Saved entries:
──────────────────────────────

(* Assume the chain $\{z_t\}$ described in the context is stationary with stationary distribution $\pi$. Let $N_0\ge1$ be an integer such that every entry of the $N_0$-step transition matrix $M^{(N_0)}$ of $\{z_t\}$ is positive. Let $\delta=\min_{i,j\in[Z]}M^{(N_0)}_{i,j}>0$. Let $f:\mathbb{H}^N\times\mathbb{B}^N\to\mathbb{B}^N$ be fixed, and let the loss satisfy $|l(f,z)|\le B$ for all $z$, for some constant $B>0$. For a sample $S=(z_1,\dots,z_T)$ of the chain, define $err_S^T(f)=\frac1T\sum_{t=1}^T l(f,z_t)$ and $err_\pi(f)=E_{z\sim\pi}\,l(f,z)$. Then for every $\epsilon>0$ and every $T>2BN_0/(Z\delta\epsilon)$, $$P\big(|err_S^T(f)-err_\pi(f)|\ge\epsilon\big)\le 2\exp\!\left(-\frac{Z^2\delta^2\,(T\epsilon-2BN_0/(Z\delta))^2}{2TB^2N_0^2}\right).$$
   Context: $\{z_t\}$ is the Markov chain $z_t=(h_t,b_t,b_{t+1})$. It is a time-homogeneous, irreducible, aperiodic Markov chain on a finite state space of $Z$ states, identified with $[Z]=\{1,\dots,Z\}$, with transition matrix $M$. Here $h_t\in\mathbb{H}^N$ (joint feedback) and $b_t\in\mathbb{B}^N$ (joint behavior), with $\mathbb{H},\mathbb{B}$ finite. For a prediction function $f:\mathbb{H}^N\times\mathbb{B}^N\to\mathbb{B}^N$ and a state $z=(h,b,b')$, the loss is $l(f,z)=\ell(f(h,b),b')$ for a fixed loss function $\ell$ on $\mathbb{B}^N\times\mathbb{B}^N$; an example is the 0-1 loss $\mathbf 1[f(h,b)\ne b']$. *)

theory Defs
  imports "HOL-Probability.Probability"
begin

text \<open>States z = (h, b, b') with h joint feedback in H^N, b, b' joint behaviour in B^N.
  The chain lives on a finite state space S (of Z = card S states) of such triples,
  with transition matrix P (indexed by states).\<close>

type_synonym ('h, 'b, 'n) state = "('h ^ 'n) \<times> ('b ^ 'n) \<times> ('b ^ 'n)"

definition stochastic_matrix :: "'z set \<Rightarrow> ('z \<Rightarrow> 'z \<Rightarrow> real) \<Rightarrow> bool" where
  "stochastic_matrix S P \<longleftrightarrow> (\<forall>i\<in>S. \<forall>j\<in>S. P i j \<ge> 0) \<and> (\<forall>i\<in>S. (\<Sum>j\<in>S. P i j) = 1)"

fun mat_pow :: "'z set \<Rightarrow> ('z \<Rightarrow> 'z \<Rightarrow> real) \<Rightarrow> nat \<Rightarrow> 'z \<Rightarrow> 'z \<Rightarrow> real" where
  "mat_pow S P 0 i j = (if i = j then 1 else 0)"
| "mat_pow S P (Suc n) i j = (\<Sum>k\<in>S. mat_pow S P n i k * P k j)"

definition irreducible_chain :: "'z set \<Rightarrow> ('z \<Rightarrow> 'z \<Rightarrow> real) \<Rightarrow> bool" where
  "irreducible_chain S P \<longleftrightarrow> (\<forall>i\<in>S. \<forall>j\<in>S. \<exists>n. mat_pow S P n i j > 0)"

definition aperiodic_chain :: "'z set \<Rightarrow> ('z \<Rightarrow> 'z \<Rightarrow> real) \<Rightarrow> bool" where
  "aperiodic_chain S P \<longleftrightarrow> (\<forall>i\<in>S. Gcd {n. n \<ge> 1 \<and> mat_pow S P n i i > 0} = 1)"

definition stationary_dist :: "'z set \<Rightarrow> ('z \<Rightarrow> 'z \<Rightarrow> real) \<Rightarrow> ('z \<Rightarrow> real) \<Rightarrow> bool" where
  "stationary_dist S P \<pi> \<longleftrightarrow> (\<forall>i\<in>S. \<pi> i \<ge> 0) \<and> (\<Sum>i\<in>S. \<pi> i) = 1 \<and>
     (\<forall>j\<in>S. (\<Sum>i\<in>S. \<pi> i * P i j) = \<pi> j)"

text \<open>X_1, X_2, ... is a (time-homogeneous) Markov chain on S with transition matrix P,
  started in (hence stationary with) the distribution \<pi>: its finite-dimensional
  distributions are those of the chain.\<close>
definition stationary_markov_chain ::
  "'a measure \<Rightarrow> (nat \<Rightarrow> 'a \<Rightarrow> 'z) \<Rightarrow> 'z set \<Rightarrow> ('z \<Rightarrow> 'z \<Rightarrow> real) \<Rightarrow> ('z \<Rightarrow> real) \<Rightarrow> bool" where
  "stationary_markov_chain M X S P \<pi> \<longleftrightarrow>
     prob_space M \<and> (\<forall>t. X t \<in> measurable M (count_space UNIV)) \<and>
     (\<forall>n \<ge> 1. \<forall>s :: nat \<Rightarrow> 'z.
        measure M {\<omega> \<in> space M. \<forall>t\<in>{1..n}. X t \<omega> = s t} =
        (if (\<forall>t\<in>{1..n}. s t \<in> S) then \<pi> (s 1) * (\<Prod>t\<in>{1..<n}. P (s t) (s (Suc t))) else 0))"

definition loss :: "('b ^ 'n \<Rightarrow> 'b ^ 'n \<Rightarrow> real) \<Rightarrow> ('h ^ 'n \<Rightarrow> 'b ^ 'n \<Rightarrow> 'b ^ 'n)
    \<Rightarrow> ('h, 'b, 'n) state \<Rightarrow> real" where
  "loss ell f z = (case z of (h, b, b') \<Rightarrow> ell (f h b) b')"

definition emp_err :: "('b ^ 'n \<Rightarrow> 'b ^ 'n \<Rightarrow> real) \<Rightarrow> ('h ^ 'n \<Rightarrow> 'b ^ 'n \<Rightarrow> 'b ^ 'n)
    \<Rightarrow> (nat \<Rightarrow> ('h, 'b, 'n) state) \<Rightarrow> nat \<Rightarrow> real" where
  "emp_err ell f zs T = (1 / real T) * (\<Sum>t=1..T. loss ell f (zs t))"

definition pi_err :: "('b ^ 'n \<Rightarrow> 'b ^ 'n \<Rightarrow> real) \<Rightarrow> ('h ^ 'n \<Rightarrow> 'b ^ 'n \<Rightarrow> 'b ^ 'n)
    \<Rightarrow> ('h, 'b, 'n) state set \<Rightarrow> (('h, 'b, 'n) state \<Rightarrow> real) \<Rightarrow> real" where
  "pi_err ell f S \<pi> = (\<Sum>z\<in>S. \<pi> z * loss ell f z)"

end

theory Submission
  imports Defs
begin

(*
  Let g = l(f,.) - err_pi(f) be the centred loss and H_m = g + M g + ... + M^m g the truncated
  solution of the Poisson equation, so that H_(m+1) = g + M H_m.  The Doeblin condition
  M^(N0) >= delta entrywise contracts the oscillation (max - min) of M^k g by the factor
  1 - Z delta every N0 steps, hence every H_m has oscillation at most c = 2 B N0 / (Z delta).

  Peeling off the last state of a path and applying Hoeffding's lemma to the one-step
  conditional distribution M(x,.) of H_m shows E exp(l (g(z_1) + ... + g(z_T))) <=
  exp(T l^2 c^2 / 8); the first state is handled by the stationary distribution, under which
  H_m has mean zero.  A Chernoff bound, applied to g and -g, gives
  P(|err_S^T(f) - err_pi(f)| >= eps) <= 2 exp(-2 T eps^2 / c^2), which is stronger than the
  stated bound.  Probabilities of events of the chain are computed as sums over paths using
  the finite-dimensional distributions of the chain.
*)

section \<open>Powers of stochastic matrices\<close>

lemma stochastic_mat_pow:
  assumes st: "stochastic_matrix S P" and fin: "finite S"
  shows "stochastic_matrix S (mat_pow S P k)"
proof (induction k)
  case 0
  show ?case unfolding stochastic_matrix_def using fin by (auto simp: sum.delta)
next
  case (Suc k)
  have Pk_nonneg: "\<forall>i\<in>S. \<forall>j\<in>S. mat_pow S P k i j \<ge> 0"
    and Pk_rows: "\<forall>i\<in>S. (\<Sum>j\<in>S. mat_pow S P k i j) = 1"
    using Suc unfolding stochastic_matrix_def by auto
  have P_nonneg: "\<forall>i\<in>S. \<forall>j\<in>S. P i j \<ge> 0" and P_rows: "\<forall>i\<in>S. (\<Sum>j\<in>S. P i j) = 1"
    using st unfolding stochastic_matrix_def by auto
  show ?case unfolding stochastic_matrix_def
  proof (intro conjI ballI)
    fix i j assume "i \<in> S" "j \<in> S"
    then show "0 \<le> mat_pow S P (Suc k) i j" using Pk_nonneg P_nonneg by (auto intro!: sum_nonneg)
  next
    fix i assume i: "i \<in> S"
    have "(\<Sum>j\<in>S. mat_pow S P (Suc k) i j) = (\<Sum>l\<in>S. \<Sum>j\<in>S. mat_pow S P k i l * P l j)"
      unfolding mat_pow.simps by (rule sum.swap)
    also have "\<dots> = (\<Sum>l\<in>S. mat_pow S P k i l * (\<Sum>j\<in>S. P l j))"
      by (simp add: sum_distrib_left)
    also have "\<dots> = 1" using P_rows Pk_rows i by simp
    finally show "(\<Sum>j\<in>S. mat_pow S P (Suc k) i j) = 1" .
  qed
qed

lemma mat_pow_add:
  assumes "j \<in> S" and fin: "finite S"
  shows "mat_pow S P (a + b) i j = (\<Sum>l\<in>S. mat_pow S P a i l * mat_pow S P b l j)"
  using assms(1)
proof (induction b arbitrary: j)
  case 0
  then show ?case using fin by (simp add: if_distrib sum.delta' cong: if_cong)
next
  case (Suc b)
  have "mat_pow S P (a + Suc b) i j = (\<Sum>k\<in>S. (\<Sum>l\<in>S. mat_pow S P a i l * mat_pow S P b l k) * P k j)"
    using Suc.IH by simp
  also have "\<dots> = (\<Sum>k\<in>S. \<Sum>l\<in>S. mat_pow S P a i l * (mat_pow S P b l k * P k j))"
    by (simp add: sum_distrib_right mult.assoc)
  also have "\<dots> = (\<Sum>l\<in>S. \<Sum>k\<in>S. mat_pow S P a i l * (mat_pow S P b l k * P k j))"
    by (rule sum.swap)
  also have "\<dots> = (\<Sum>l\<in>S. mat_pow S P a i l * mat_pow S P (Suc b) l j)"
    by (simp add: sum_distrib_left)
  finally show ?case .
qed

definition mat_pow_apply :: "'z set \<Rightarrow> ('z \<Rightarrow> 'z \<Rightarrow> real) \<Rightarrow> nat \<Rightarrow> ('z \<Rightarrow> real) \<Rightarrow> 'z \<Rightarrow> real" where
  "mat_pow_apply S P k g x = (\<Sum>y\<in>S. mat_pow S P k x y * g y)"

lemma mat_pow_apply_add:
  assumes "x \<in> S" and fin: "finite S"
  shows "mat_pow_apply S P (a + b) g x = mat_pow_apply S P a (mat_pow_apply S P b g) x"
proof -
  have "mat_pow_apply S P (a + b) g x
      = (\<Sum>y\<in>S. \<Sum>l\<in>S. mat_pow S P a x l * (mat_pow S P b l y * g y))"
    unfolding mat_pow_apply_def
    by (intro sum.cong) (auto simp: mat_pow_add fin sum_distrib_right mult.assoc)
  also have "\<dots> = (\<Sum>l\<in>S. \<Sum>y\<in>S. mat_pow S P a x l * (mat_pow S P b l y * g y))"
    by (rule sum.swap)
  also have "\<dots> = mat_pow_apply S P a (mat_pow_apply S P b g) x"
    unfolding mat_pow_apply_def by (simp add: sum_distrib_left)
  finally show ?thesis .
qed

lemma mat_pow_apply_0: "finite S \<Longrightarrow> x \<in> S \<Longrightarrow> mat_pow_apply S P 0 g x = g x"
  unfolding mat_pow_apply_def
  by (subst sum.cong[OF refl, where h="\<lambda>y. if x = y then g y else 0"]) (auto simp: sum.delta)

──────────────────────────────

• ABOUT THIS TASK: Go through the data above and find the lines with the word "which". Copy each of those lines.

• RESULT:
  exp(T l^2 c^2 / 8); the first state is handled by the stationary distribution, under which
  P(|err_S^T(f) - err_pi(f)| >= eps) <= 2 exp(-2 T eps^2 / c^2), which is stronger than the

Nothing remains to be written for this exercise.